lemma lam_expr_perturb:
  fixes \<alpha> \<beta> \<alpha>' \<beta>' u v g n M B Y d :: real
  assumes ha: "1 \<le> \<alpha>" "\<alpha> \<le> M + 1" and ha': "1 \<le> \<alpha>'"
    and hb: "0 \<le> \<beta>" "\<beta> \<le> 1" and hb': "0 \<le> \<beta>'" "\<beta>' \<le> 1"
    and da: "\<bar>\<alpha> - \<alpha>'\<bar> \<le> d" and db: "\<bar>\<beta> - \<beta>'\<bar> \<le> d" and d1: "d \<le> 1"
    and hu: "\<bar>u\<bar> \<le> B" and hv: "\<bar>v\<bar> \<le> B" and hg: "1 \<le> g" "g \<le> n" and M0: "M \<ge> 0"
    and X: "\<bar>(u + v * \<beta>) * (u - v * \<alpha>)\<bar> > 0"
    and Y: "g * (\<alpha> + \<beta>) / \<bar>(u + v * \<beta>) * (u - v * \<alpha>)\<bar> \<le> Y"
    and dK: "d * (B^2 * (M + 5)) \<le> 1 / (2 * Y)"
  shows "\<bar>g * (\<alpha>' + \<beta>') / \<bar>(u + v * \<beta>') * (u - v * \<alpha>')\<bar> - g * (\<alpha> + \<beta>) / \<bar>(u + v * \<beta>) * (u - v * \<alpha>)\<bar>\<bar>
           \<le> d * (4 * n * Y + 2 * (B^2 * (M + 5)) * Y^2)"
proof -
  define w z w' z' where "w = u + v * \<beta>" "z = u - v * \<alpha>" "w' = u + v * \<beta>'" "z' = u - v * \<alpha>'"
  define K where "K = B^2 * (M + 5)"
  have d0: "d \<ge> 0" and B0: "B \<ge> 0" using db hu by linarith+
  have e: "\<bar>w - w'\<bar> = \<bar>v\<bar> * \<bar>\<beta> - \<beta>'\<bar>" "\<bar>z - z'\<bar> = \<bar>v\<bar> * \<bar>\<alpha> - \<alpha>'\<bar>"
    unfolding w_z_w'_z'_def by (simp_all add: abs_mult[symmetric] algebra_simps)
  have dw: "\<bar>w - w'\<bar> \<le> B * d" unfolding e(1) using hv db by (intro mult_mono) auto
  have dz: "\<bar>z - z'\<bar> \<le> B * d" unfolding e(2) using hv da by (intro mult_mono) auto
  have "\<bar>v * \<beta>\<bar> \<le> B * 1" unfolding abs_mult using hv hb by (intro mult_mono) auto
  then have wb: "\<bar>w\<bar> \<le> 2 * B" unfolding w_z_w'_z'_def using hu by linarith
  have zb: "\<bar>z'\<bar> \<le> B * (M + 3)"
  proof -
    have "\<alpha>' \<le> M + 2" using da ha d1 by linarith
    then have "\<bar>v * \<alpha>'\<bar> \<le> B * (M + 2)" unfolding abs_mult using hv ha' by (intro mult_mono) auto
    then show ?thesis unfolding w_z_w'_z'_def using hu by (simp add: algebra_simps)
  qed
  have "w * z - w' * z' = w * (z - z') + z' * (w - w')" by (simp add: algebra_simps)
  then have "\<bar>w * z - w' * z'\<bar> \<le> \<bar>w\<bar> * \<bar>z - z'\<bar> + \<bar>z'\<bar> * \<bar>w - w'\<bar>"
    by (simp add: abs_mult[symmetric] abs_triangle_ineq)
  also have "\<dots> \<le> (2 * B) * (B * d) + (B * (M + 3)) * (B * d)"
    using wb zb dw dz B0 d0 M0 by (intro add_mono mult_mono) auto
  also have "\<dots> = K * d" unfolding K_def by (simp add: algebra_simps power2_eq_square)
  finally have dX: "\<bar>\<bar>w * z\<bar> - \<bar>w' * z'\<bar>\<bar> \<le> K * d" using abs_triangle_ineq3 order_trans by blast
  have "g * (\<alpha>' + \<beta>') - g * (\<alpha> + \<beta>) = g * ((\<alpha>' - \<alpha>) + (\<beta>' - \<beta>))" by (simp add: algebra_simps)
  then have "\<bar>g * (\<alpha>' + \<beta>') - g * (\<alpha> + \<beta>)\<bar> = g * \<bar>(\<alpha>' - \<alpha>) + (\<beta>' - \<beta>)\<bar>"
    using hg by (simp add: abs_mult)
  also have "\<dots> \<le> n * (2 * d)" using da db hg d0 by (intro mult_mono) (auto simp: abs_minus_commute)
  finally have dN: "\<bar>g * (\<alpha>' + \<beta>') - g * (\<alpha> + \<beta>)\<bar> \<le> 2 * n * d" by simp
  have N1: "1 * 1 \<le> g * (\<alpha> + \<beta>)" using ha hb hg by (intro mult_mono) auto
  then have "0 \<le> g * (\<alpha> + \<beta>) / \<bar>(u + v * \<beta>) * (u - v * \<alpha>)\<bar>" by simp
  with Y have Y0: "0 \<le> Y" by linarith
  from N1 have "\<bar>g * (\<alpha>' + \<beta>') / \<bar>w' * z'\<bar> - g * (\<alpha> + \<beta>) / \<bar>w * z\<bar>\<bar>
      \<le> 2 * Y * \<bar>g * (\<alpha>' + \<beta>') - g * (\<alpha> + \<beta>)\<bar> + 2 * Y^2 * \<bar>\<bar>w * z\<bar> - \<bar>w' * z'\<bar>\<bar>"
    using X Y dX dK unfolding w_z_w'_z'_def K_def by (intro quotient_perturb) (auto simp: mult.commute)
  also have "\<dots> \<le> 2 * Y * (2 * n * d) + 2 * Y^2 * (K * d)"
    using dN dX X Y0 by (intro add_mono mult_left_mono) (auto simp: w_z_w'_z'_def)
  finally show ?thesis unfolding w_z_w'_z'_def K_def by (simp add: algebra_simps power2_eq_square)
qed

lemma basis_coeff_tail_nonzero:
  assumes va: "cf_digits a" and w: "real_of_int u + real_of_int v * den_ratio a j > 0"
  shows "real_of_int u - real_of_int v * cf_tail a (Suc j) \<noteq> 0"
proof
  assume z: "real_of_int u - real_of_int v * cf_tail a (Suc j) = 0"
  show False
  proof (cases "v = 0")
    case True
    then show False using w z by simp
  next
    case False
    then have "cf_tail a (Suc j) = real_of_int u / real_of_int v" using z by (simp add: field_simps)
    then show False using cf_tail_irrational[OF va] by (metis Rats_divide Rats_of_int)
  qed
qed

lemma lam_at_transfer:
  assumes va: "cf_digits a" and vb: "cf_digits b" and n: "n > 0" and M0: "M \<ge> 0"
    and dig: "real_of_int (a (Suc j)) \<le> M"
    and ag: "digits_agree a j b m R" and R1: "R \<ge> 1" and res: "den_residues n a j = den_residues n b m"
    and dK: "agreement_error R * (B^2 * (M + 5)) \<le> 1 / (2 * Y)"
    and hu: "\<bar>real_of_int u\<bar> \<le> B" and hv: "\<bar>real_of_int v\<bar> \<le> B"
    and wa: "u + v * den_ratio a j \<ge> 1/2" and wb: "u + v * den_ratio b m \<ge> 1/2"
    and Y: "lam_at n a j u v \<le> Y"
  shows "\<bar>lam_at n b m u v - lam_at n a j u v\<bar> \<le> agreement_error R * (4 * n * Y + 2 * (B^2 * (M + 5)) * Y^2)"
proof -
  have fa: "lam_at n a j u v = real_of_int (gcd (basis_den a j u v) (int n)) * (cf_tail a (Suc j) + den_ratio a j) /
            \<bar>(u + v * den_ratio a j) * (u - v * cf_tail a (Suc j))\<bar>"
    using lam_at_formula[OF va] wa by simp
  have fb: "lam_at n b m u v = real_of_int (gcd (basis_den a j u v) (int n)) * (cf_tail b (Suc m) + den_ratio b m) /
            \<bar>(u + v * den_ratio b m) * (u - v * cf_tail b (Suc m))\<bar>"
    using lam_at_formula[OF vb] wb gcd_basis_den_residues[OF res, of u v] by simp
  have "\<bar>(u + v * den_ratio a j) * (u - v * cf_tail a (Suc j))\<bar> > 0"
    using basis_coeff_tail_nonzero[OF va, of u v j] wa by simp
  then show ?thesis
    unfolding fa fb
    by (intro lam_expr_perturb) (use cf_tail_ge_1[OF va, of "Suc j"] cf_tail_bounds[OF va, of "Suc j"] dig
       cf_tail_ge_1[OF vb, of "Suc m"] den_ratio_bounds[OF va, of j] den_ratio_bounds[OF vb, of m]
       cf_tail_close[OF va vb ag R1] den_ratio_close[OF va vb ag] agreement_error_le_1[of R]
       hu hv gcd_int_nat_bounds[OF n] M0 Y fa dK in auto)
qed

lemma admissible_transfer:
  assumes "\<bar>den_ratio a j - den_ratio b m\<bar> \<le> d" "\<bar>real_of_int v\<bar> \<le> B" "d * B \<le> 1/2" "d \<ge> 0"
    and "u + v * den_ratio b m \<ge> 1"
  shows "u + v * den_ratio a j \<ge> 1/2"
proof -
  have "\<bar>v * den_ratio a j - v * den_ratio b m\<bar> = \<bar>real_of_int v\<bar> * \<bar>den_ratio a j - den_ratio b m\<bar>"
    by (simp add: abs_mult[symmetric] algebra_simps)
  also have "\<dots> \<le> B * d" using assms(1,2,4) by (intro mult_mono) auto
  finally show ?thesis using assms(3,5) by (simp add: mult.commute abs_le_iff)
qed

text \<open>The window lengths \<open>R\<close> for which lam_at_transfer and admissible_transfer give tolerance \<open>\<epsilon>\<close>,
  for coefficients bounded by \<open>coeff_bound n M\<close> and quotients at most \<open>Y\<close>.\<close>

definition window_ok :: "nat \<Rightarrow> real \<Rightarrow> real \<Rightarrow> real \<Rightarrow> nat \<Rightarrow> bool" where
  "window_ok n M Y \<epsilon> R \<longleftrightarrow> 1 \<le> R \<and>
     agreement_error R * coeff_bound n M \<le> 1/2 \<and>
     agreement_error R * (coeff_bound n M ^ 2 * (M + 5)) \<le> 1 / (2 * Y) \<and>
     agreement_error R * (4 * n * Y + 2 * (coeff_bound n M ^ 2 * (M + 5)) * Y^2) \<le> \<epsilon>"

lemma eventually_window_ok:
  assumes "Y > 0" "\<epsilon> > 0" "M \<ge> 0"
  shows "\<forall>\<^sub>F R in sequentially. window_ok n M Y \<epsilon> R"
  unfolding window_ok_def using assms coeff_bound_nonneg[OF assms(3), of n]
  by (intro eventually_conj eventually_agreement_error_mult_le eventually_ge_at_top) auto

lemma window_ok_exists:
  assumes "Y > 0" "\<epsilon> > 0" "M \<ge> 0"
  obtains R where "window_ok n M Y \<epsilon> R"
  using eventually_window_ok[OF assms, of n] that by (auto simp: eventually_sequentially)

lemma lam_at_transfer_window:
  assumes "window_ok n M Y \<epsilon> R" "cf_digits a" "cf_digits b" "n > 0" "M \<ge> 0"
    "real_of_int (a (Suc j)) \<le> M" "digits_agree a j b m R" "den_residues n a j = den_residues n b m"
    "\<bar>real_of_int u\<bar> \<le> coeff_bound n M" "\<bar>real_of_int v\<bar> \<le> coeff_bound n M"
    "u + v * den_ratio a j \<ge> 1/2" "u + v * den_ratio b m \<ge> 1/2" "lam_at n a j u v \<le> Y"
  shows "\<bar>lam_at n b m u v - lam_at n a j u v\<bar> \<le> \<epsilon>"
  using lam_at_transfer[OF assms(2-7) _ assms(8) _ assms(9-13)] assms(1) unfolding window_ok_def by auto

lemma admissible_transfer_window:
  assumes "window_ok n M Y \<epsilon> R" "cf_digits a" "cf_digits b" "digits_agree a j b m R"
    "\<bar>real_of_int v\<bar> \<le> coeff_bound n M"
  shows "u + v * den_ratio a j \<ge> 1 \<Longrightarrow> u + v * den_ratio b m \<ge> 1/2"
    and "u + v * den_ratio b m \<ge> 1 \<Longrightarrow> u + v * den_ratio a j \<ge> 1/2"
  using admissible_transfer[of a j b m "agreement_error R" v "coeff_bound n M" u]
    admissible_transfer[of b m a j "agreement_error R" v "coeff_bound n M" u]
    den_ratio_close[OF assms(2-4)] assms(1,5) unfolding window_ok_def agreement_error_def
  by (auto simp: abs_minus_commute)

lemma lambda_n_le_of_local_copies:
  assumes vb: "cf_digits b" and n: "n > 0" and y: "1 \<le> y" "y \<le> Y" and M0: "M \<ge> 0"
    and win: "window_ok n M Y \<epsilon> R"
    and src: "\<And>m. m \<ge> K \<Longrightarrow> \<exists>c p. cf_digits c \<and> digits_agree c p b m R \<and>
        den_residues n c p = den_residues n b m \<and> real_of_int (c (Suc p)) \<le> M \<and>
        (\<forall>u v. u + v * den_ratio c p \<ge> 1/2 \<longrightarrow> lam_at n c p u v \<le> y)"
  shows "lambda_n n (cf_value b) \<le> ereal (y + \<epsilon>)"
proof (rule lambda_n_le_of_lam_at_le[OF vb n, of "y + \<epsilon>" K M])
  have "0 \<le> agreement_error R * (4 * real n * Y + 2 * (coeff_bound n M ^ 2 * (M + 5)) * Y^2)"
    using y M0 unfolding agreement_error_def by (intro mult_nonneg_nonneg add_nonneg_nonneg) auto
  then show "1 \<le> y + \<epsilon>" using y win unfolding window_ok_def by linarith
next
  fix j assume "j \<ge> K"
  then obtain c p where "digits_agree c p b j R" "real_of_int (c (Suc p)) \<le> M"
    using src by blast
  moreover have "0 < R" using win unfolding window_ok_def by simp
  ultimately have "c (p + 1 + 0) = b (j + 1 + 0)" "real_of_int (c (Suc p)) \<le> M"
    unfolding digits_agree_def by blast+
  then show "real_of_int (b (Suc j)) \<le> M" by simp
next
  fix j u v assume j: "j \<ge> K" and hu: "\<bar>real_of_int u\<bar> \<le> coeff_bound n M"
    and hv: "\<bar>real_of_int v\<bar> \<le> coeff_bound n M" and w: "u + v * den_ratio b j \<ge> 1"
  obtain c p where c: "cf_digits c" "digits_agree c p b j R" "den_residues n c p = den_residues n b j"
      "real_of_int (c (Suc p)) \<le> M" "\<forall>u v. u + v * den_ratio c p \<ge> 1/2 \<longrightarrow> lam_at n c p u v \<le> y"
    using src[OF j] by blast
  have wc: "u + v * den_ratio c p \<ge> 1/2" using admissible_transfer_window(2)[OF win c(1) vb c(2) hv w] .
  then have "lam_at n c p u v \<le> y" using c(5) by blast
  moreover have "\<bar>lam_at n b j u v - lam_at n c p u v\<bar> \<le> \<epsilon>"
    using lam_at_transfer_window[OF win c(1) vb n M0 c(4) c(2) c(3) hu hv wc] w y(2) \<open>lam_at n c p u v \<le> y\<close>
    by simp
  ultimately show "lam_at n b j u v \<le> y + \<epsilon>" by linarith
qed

##############################

_Task directions_
Among the entries above, find the line with "by (auto simp: abs_minus_commute)" and the line with "then obtain c"; give again exactly these two lines and all lines between them.

_Solution below_
  by (auto simp: abs_minus_commute)

lemma lambda_n_le_of_local_copies:
  assumes vb: "cf_digits b" and n: "n > 0" and y: "1 \<le> y" "y \<le> Y" and M0: "M \<ge> 0"
    and win: "window_ok n M Y \<epsilon> R"
    and src: "\<And>m. m \<ge> K \<Longrightarrow> \<exists>c p. cf_digits c \<and> digits_agree c p b m R \<and>
        den_residues n c p = den_residues n b m \<and> real_of_int (c (Suc p)) \<le> M \<and>
        (\<forall>u v. u + v * den_ratio c p \<ge> 1/2 \<longrightarrow> lam_at n c p u v \<le> y)"
  shows "lambda_n n (cf_value b) \<le> ereal (y + \<epsilon>)"
proof (rule lambda_n_le_of_lam_at_le[OF vb n, of "y + \<epsilon>" K M])
  have "0 \<le> agreement_error R * (4 * real n * Y + 2 * (coeff_bound n M ^ 2 * (M + 5)) * Y^2)"
    using y M0 unfolding agreement_error_def by (intro mult_nonneg_nonneg add_nonneg_nonneg) auto
  then show "1 \<le> y + \<epsilon>" using y win unfolding window_ok_def by linarith
next
  fix j assume "j \<ge> K"
  then obtain c p where "digits_agree c p b j R" "real_of_int (c (Suc p)) \<le> M"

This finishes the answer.